Spanish Footballers' Association's Rubiales Denies League Is In Crisis

Spanish Footballers' Association (AFE) President Luis Rubiales addressed the "current situation in Spanish football," according to Torres & Moñino of EL PAIS. It has "never been more difficult to be a professional footballer" in the Spanish Football League (LFP) and it is Rubiales' responsibility to "defend players' rights during such times." He discussed the various issues players face in a Q&A. Below is an excerpt:

Q: To what do you attribute the new wave of precariousness?
Luis Rubiales: Measures have been to applied to footballers that, within the prevailing logic of a Spanish society in crisis, make sense in other sectors, but not in football, which is not a sector in crisis because each year the revenue generated increases by 8%, 10% or 12%.
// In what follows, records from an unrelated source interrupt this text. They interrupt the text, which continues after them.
lemma energy_haar_eq_series:
  "energy s (haar j k) = ennreal (2 * dyadic_len j powr (- 2 * s))
     + (\<Sum>m. ennreal (dyadic_len (j - int (Suc m)) powr (- 2 * s)))"
proof -
  have "energy s (haar j k) = (\<integral>\<^sup>+ p. haar_energy_blocks s j k p \<partial>(lborel \<Otimes>\<^sub>M lborel))"
    by (simp add: energy_eq_nn_integral_density haar_energy_density_eq_blocks)
  also have "\<dots> = (\<integral>\<^sup>+ p. ennreal (4 / dyadic_len j * dyadic_kernel s (dyadic_len j))
        * sym_indicator (dyadic_interval (j + 1) (2 * k)) (dyadic_interval (j + 1) (2 * k + 1)) p
      \<partial>(lborel \<Otimes>\<^sub>M lborel))
    + (\<Sum>m. \<integral>\<^sup>+ p. ennreal (dyadic_kernel s (dyadic_len (j - int (Suc m))) / dyadic_len j)
        * sym_indicator (dyadic_interval j k) (dyadic_shell j k m) p \<partial>(lborel \<Otimes>\<^sub>M lborel))"
    unfolding haar_energy_blocks_def
    by (subst nn_integral_add) (measurable, simp add: nn_integral_suminf)
  finally show ?thesis
    by (simp only: nn_integral_haar_children_block nn_integral_haar_shell_block)
qed
(* Let $G$ be a finite undirected graph and $u\in V(G)$ such that all vertices in $N(u)$ are pairwise adjacent. Then \[\mathrm{Ind}(G)\simeq\bigvee_{v\in N(u)}\mathrm{susp}\,\mathrm{Ind}(G\setminus(N(u)\cup N(v))).\] Moreover, suppose that for each $v\in N(u)$ with $G\setminus(N(u)\cup N(v))\neq\emptyset$, $\mathcal{G}_v$ is a set of generating faces of $\mathrm{Ind}(G\setminus(N(u)\cup N(v)))$. Then the union of \[\bigcup_{v\in N(u),\ G\setminus(N(u)\cup N(v))=\emptyset}\{\{v\}\}\quad\text{and}\quad\bigcup_{v\in N(u),\ G\setminus(N(u)\cup N(v))\neq\emptyset}\{\{v\}\cup\sigma\mid\sigma\in\mathcal{G}_v\}\] is a set of generating faces of $\mathrm{Ind}(G)$.
   Context: $N(v)$ is the set of vertices adjacent to $v$. $\mathrm{Ind}(H)$ is the simplicial complex with vertex set $V(H)$ whose simplices are the independent sets of $H$; $H\setminus W$ is the induced subgraph on $V(H)\setminus W$; for the empty graph, $\mathrm{Ind}$ is the empty complex. Conventions: $\mathrm{susp}(\emptyset)=S^0$ and a wedge over an empty index set is a point. A set $\mathcal{G}$ of maximal faces of a simplicial complex $\Delta$ is a set of generating faces if the complex $\Delta\setminus\mathcal{G}$ obtained by removing the faces in $\mathcal{G}$ (i.e. removing their interiors) is contractible. *)

theory Defs
  imports "HOL-Analysis.Analysis"
begin

text \<open>Abstract simplicial complexes are represented as sets of (finite) vertex sets.\<close>

definition realization :: "'v set set \<Rightarrow> ('v \<Rightarrow> real) set" where
  "realization K = {f. (\<exists>\<sigma>\<in>K. finite \<sigma> \<and> {x. f x \<noteq> 0} \<subseteq> \<sigma>) \<and> (\<forall>x. 0 \<le> f x)
                       \<and> sum f {x. f x \<noteq> 0} = 1}"

definition geom :: "'v set set \<Rightarrow> ('v \<Rightarrow> real) topology" where
  "geom K = top_of_set (realization K)"

definition contractible_cx :: "'v set set \<Rightarrow> bool" where
  "contractible_cx K \<longleftrightarrow> realization K \<noteq> {} \<and> contractible_space (geom K)"

definition maximal_faces :: "'v set set \<Rightarrow> 'v set set" where
  "maximal_faces K = {\<sigma>\<in>K. \<forall>\<tau>\<in>K. \<sigma> \<subseteq> \<tau> \<longrightarrow> \<tau> = \<sigma>}"

text \<open>Removing (the interiors of) a set of maximal faces leaves the subcomplex K - GF.\<close>
definition generating_faces :: "'v set set \<Rightarrow> 'v set set \<Rightarrow> bool" where
  "generating_faces K GF \<longleftrightarrow> GF \<subseteq> maximal_faces K \<and> contractible_cx (K - GF)"

definition susp_cx :: "'v set set \<Rightarrow> ('v + bool) set set" where
  "susp_cx K = {Inl ` \<sigma> \<union> T | \<sigma> T. \<sigma> \<in> K \<and> T \<in> {{}, {Inr True}, {Inr False}}}"

text \<open>Simplicial wedge of complexes K i (i in I), glued at base vertices b i;
  the common base point is None.  Over an empty index set this is a point.\<close>
definition wedge_cx :: "'i set \<Rightarrow> ('i \<Rightarrow> 'w set set) \<Rightarrow> ('i \<Rightarrow> 'w) \<Rightarrow> ('i \<times> 'w) option set set" where
  "wedge_cx I K b = {{}, {None}} \<union>
     (\<Union>i\<in>I. (\<lambda>\<sigma>. (\<lambda>x. if x = b i then None else Some (i, x)) ` \<sigma>) ` K i)"

text \<open>Graphs: finite vertex set V with a symmetric irreflexive adjacency relation E
  (only its restriction to V matters).  Induced subgraphs G \ W are (V - W, E).\<close>
definition nbhd :: "'a set \<Rightarrow> ('a \<Rightarrow> 'a \<Rightarrow> bool) \<Rightarrow> 'a \<Rightarrow> 'a set" where
  "nbhd V E v = {w\<in>V. E v w}"

definition Ind :: "'a set \<Rightarrow> ('a \<Rightarrow> 'a \<Rightarrow> bool) \<Rightarrow> 'a set set" where
  "Ind V E = {\<sigma>. \<sigma> \<subseteq> V \<and> (\<forall>x\<in>\<sigma>. \<forall>y\<in>\<sigma>. \<not> E x y)}"

end

theory Submission
  imports Defs
begin

text \<open>Write \<open>N = N(u)\<close> and \<open>L\<^sub>v = Ind(G \ (N \<union> N(v)))\<close> for \<open>v \<in> N\<close>.  Since \<open>N\<close> is a
  clique, every face of \<open>Ind G\<close> either misses \<open>N\<close>, and then remains a face after adding \<open>u\<close>, or
  is \<open>{v} \<union> \<tau>\<close> for a unique \<open>v \<in> N\<close> and \<open>\<tau> \<in> L\<^sub>v\<close>.  A point of \<open>{v} \<union> \<tau>\<close> with weight
  \<open>t\<close> at \<open>v\<close> is sent to the cone from the base point over \<open>\<tau>\<close> in the \<open>v\<close>-th suspension when
  \<open>t \<le> 1/2\<close> and to the cone from the other pole when \<open>t \<ge> 1/2\<close>; faces missing \<open>N\<close> collapse
  to the base point.  The simplicial map back sends the base point to \<open>u\<close> and the other pole of
  the \<open>v\<close>-th suspension to \<open>v\<close>, and both composites are joined to the identity by
  straight-line homotopies through an intermediate deformation.

  Removing the listed faces leaves the faces missing \<open>N\<close> and the cones from \<open>v\<close> over the
  contractible complexes \<open>L\<^sub>v - G\<^sub>v\<close> (nothing when \<open>L\<^sub>v\<close> has no vertices).  On such a cone, a
  point with weight \<open>t \<le> 1/2\<close> at \<open>v\<close> has its projection to \<open>L\<^sub>v - G\<^sub>v\<close> moved along the
  contraction for time \<open>2t\<close>; this fixes the faces missing \<open>N\<close> and ends, up to a straight line,
  inside \<open>L\<^sub>v - G\<^sub>v\<close>, whose faces together with those missing \<open>N\<close> all lie in the cone with
  apex \<open>u\<close>.\<close>

section \<open>Geometric simplices\<close>

definition geom_simplex :: "'v set \<Rightarrow> ('v \<Rightarrow> real) set" where
  "geom_simplex \<sigma> = {f. (\<forall>x. 0 \<le> f x) \<and> (\<forall>x. x \<notin> \<sigma> \<longrightarrow> f x = 0) \<and> sum f \<sigma> = 1}"

lemma geom_simplexI:
  assumes "\<And>x. 0 \<le> f x" "\<And>x. x \<notin> \<sigma> \<Longrightarrow> f x = 0" "sum f \<sigma> = 1"
  shows "f \<in> geom_simplex \<sigma>"
  using assms by (auto simp: geom_simplex_def)

lemma geom_simplexD:
  assumes "f \<in> geom_simplex \<sigma>"
  shows "0 \<le> f x" "x \<notin> \<sigma> \<Longrightarrow> f x = 0" "sum f \<sigma> = 1"
  using assms by (auto simp: geom_simplex_def)

lemma geom_simplex_mono:
  assumes "f \<in> geom_simplex \<sigma>" "\<sigma> \<subseteq> \<tau>" "finite \<tau>"
  shows "f \<in> geom_simplex \<tau>"
proof (rule geom_simplexI)
  have "sum f \<tau> = sum f \<sigma>"
    by (rule sum.mono_neutral_right) (use assms geom_simplexD[OF assms(1)] in auto)
  then show "sum f \<tau> = 1" using geom_simplexD(3)[OF assms(1)] by simp
qed (use assms geom_simplexD[OF assms(1)] in auto)

lemma geom_simplex_empty [simp]: "geom_simplex {} = {}"
  by (auto simp: geom_simplex_def)

lemma indicator_in_geom_simplex: "finite \<sigma> \<Longrightarrow> v \<in> \<sigma> \<Longrightarrow> indicator {v} \<in> geom_simplex \<sigma>"
  by (auto simp: geom_simplex_def indicator_def)

lemma closed_geom_simplex:
  assumes "finite \<sigma>"
  shows "closed (geom_simplex \<sigma>)"
proof -
  have "geom_simplex \<sigma> = (\<Inter>x. {f. 0 \<le> f x}) \<inter> (\<Inter>x\<in>-\<sigma>. {f. f x = 0}) \<inter> {f. sum f \<sigma> = 1}"
    by (auto simp: geom_simplex_def)
  moreover have "closed {f::'a\<Rightarrow>real. sum f \<sigma> = 1}" "closed {f::'a\<Rightarrow>real. 0 \<le> f x}"
    "closed {f::'a\<Rightarrow>real. f x = 0}" for x
    by (intro closed_Collect_eq closed_Collect_le continuous_intros; simp)+
  ultimately show ?thesis by (auto intro!: closed_Int closed_INT)
qed

lemma convex_comb_vertex_in_geom_simplex:
  assumes "v \<notin> \<rho>" "finite \<rho>" "k \<in> geom_simplex \<rho>" "0 \<le> t" "t \<le> 1"
  shows "(\<lambda>y. t * indicator {v} y + (1 - t) * k y) \<in> geom_simplex (insert v \<rho>)"
proof (rule geom_simplexI)
  have "(\<Sum>y\<in>insert v \<rho>. t * indicator {v} y + (1 - t) * k y) = t + (1 - t) * sum k \<rho>"
    using assms(1,2) geom_simplexD(2)[OF assms(3), of v]
    by (simp add: sum.distrib sum_distrib_left indicator_def)
  then show "(\<Sum>y\<in>insert v \<rho>. t * indicator {v} y + (1 - t) * k y) = 1"
    using geom_simplexD(3)[OF assms(3)] by simp
qed (use assms geom_simplexD[OF assms(3)] in \<open>auto simp: indicator_def\<close>)

lemma realizationI:
  assumes "\<sigma> \<in> K" "finite \<sigma>" "f \<in> geom_simplex \<sigma>"
  shows "f \<in> realization K"
proof -
  have supp: "{x. f x \<noteq> 0} \<subseteq> \<sigma>" using geom_simplexD[OF assms(3)] by auto
  have "sum f {x. f x \<noteq> 0} = sum f \<sigma>"
    by (rule sum.mono_neutral_left) (use assms supp in auto)
  then show ?thesis
    using assms supp geom_simplexD[OF assms(3)] unfolding realization_def by auto
qed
Q: You do not believe there is a crisis in football?
Rubiales: The crisis is the management. They have had three or four plans for regulation. The latest at the expense of the footballer. The LFP wants to eliminate errors focusing only on salaries, which represent just 25-30% of the total amount of money that moves. We want economic control. Inflexible if necessary, but with all agents participating, players included.

Q
: But society sees footballers as privileged.
Rubiales: Football passed in the last 10 years from €1 billion ($1.24B) in revenue to around €2 billion ($2.49B). If every year there is more money, the problem is not economic. On the other hand, salaries have dropped from €700 million ($871M) to €600 million ($746M) to €540 million ($670M). More than 90% of the footballers are workers with salaries comparable to other fields.

Q: Are the owed payments increasing?
Rubiales: La Liga says that there is now less debt. But what is different are the creditors. The LFP is beginning to pay the Spanish tax authorities and Social Security, but at the expense of other creditors, including the players (EL PAIS, 11/23).